Abstract

One hallmark of the normal cognitive aging process involves alterations in executive function. Executive function can be divided into at least three separable components, including set shifting, attentional updating and monitoring, and inhibition of prepotent responses. The ability to study the neural basis of cognitive aging has been enriched by the use of animal models such as the macaque monkey. In aged macaques, changes in attentional updating and monitoring systems are poorly understood compared to changes in shifting and inhibition. A partial explanation for this is the fact that the tasks designed to study executive function in aged monkeys, to date, primarily have probed shifting and inhibition processes. Here we examine how aging impacts attentional updating and monitoring processes in monkeys using an interference task designed after a paradigm used to examine multi-tasking in older humans. Young and aged macaque monkeys were tested on this interference task as well as on an object reversal learning task to study these processes in the same animals.

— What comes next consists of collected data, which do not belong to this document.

lemma price_changes_vanish:
  "\<forall>\<epsilon>>0. \<exists>T. \<forall>j t dt. T \<le> t \<longrightarrow> 0 \<le> dt \<longrightarrow> dt \<le> 1 \<longrightarrow>
     \<bar>price_at s a j t - price_at s a j (t + dt)\<bar> \<le> \<epsilon>"
proof (intro allI impI)
  fix \<epsilon> :: real assume \<epsilon>: "0 < \<epsilon>"
  obtain B G where B: "0 \<le> B" "\<And>T j. prices T j \<le> B" and G: "\<And>T. cum_progress T \<le> G"
    using prices_and_progress_bounded by metis
  define d where "d = \<epsilon> / (4 * lam * (B + 1))"
  define \<eta> where "\<eta> = \<epsilon> * d / (2 * lam)"
  have d: "0 < d" using \<epsilon> lam_pos B(1) by (simp add: d_def)
  have \<eta>: "0 < \<eta>" using \<epsilon> d lam_pos by (simp add: \<eta>_def)
  have bdd: "bdd_above (range cum_progress)" using G by (intro bdd_aboveI2)
  obtain T0 where T0: "(SUP T. cum_progress T) - \<eta> < cum_progress T0"
    using less_cSUP_iff[OF _ bdd, of "(SUP T. cum_progress T) - \<eta>"] \<eta> by auto
  show "\<exists>T. \<forall>j t dt. T \<le> t \<longrightarrow> 0 \<le> dt \<longrightarrow> dt \<le> 1 \<longrightarrow>
     \<bar>price_at s a j t - price_at s a j (t + dt)\<bar> \<le> \<epsilon>"
  proof (intro exI allI impI)
    fix j and t dt :: real assume t: "T0 \<le> t" and dt: "0 \<le> dt" "dt \<le> 1"
    have "cum_progress (t + dt) - cum_progress t \<le> \<eta>"
      using cSUP_upper[OF _ bdd, of "t + dt"] cum_progress_mono[OF t] T0 by simp
    then have "\<bar>price_at s a j t - price_at s a j (t + dt)\<bar> \<le> lam * (2 * d * B + \<eta> / d)"
      using price_change_le[OF d B, of t "t + dt" j] dt d lam_pos
      by (smt (verit) divide_right_mono mult_left_mono)
    also have "\<dots> \<le> lam * (2 * d * (B + 1)) + lam * (\<eta> / d)"
      using lam_pos d by (simp add: distrib_left mult_left_mono)
    also have "\<dots> = \<epsilon>"
    proof -
      have "lam * (2 * d * (B + 1)) = \<epsilon> / 2" using lam_pos B(1) by (simp add: d_def)
      moreover have "lam * (\<eta> / d) = \<epsilon> / 2" using lam_pos d by (simp add: \<eta>_def)
      ultimately show ?thesis by linarith
    qed
    finally show "\<bar>price_at s a j t - price_at s a j (t + dt)\<bar> \<le> \<epsilon>" .
  qed
qed

end

theorem mainTheorem7:
  fixes e :: "'b::finite \<Rightarrow> real" and S :: "'b \<Rightarrow> 'g::finite set"
    and b :: "'b \<Rightarrow> 'g \<Rightarrow> real"
    and D :: "('g \<Rightarrow> real) \<Rightarrow> 'b \<Rightarrow> 'g \<Rightarrow> real"
    and s :: "'g \<Rightarrow> nat \<Rightarrow> real" and a :: "'g \<Rightarrow> nat \<Rightarrow> real"
    and zt :: "'g \<Rightarrow> nat \<Rightarrow> real" and lam :: real
  assumes "leontief_fisher_market e S b"
    and "is_leontief_demand e S b D"
    and "async_schedule s"
    and "0 < lam" and "lam \<le> 1 / 23.46"
    and "\<forall>j. 0 < a j 0"
    and "tatonnement_run D s a zt lam"
  shows "\<forall>\<epsilon>>0. \<exists>T. \<forall>j t dt. T \<le> t \<longrightarrow> 0 \<le> dt \<longrightarrow> dt \<le> 1 \<longrightarrow>
           \<bar>price_at s a j t - price_at s a j (t + dt)\<bar> \<le> \<epsilon>"
proof -
  interpret tatonnement e S b D s a zt lam
    using assms by unfold_locales auto
  show ?thesis by (rule price_changes_vanish)
qed

end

Relative to the young monkeys, aged animals were impaired on both tasks. Proactive and retroactive interference did not differ between age groups on an array of 40 object pairs presented each day in the object reversal learning task. The levels of performance on the interference task were not correlated with levels of performance in the object reversal task. These results suggest that attentional updating and monitoring and affective shifting are separable functions in the macaque, and that normal aging affects these mental operations independently.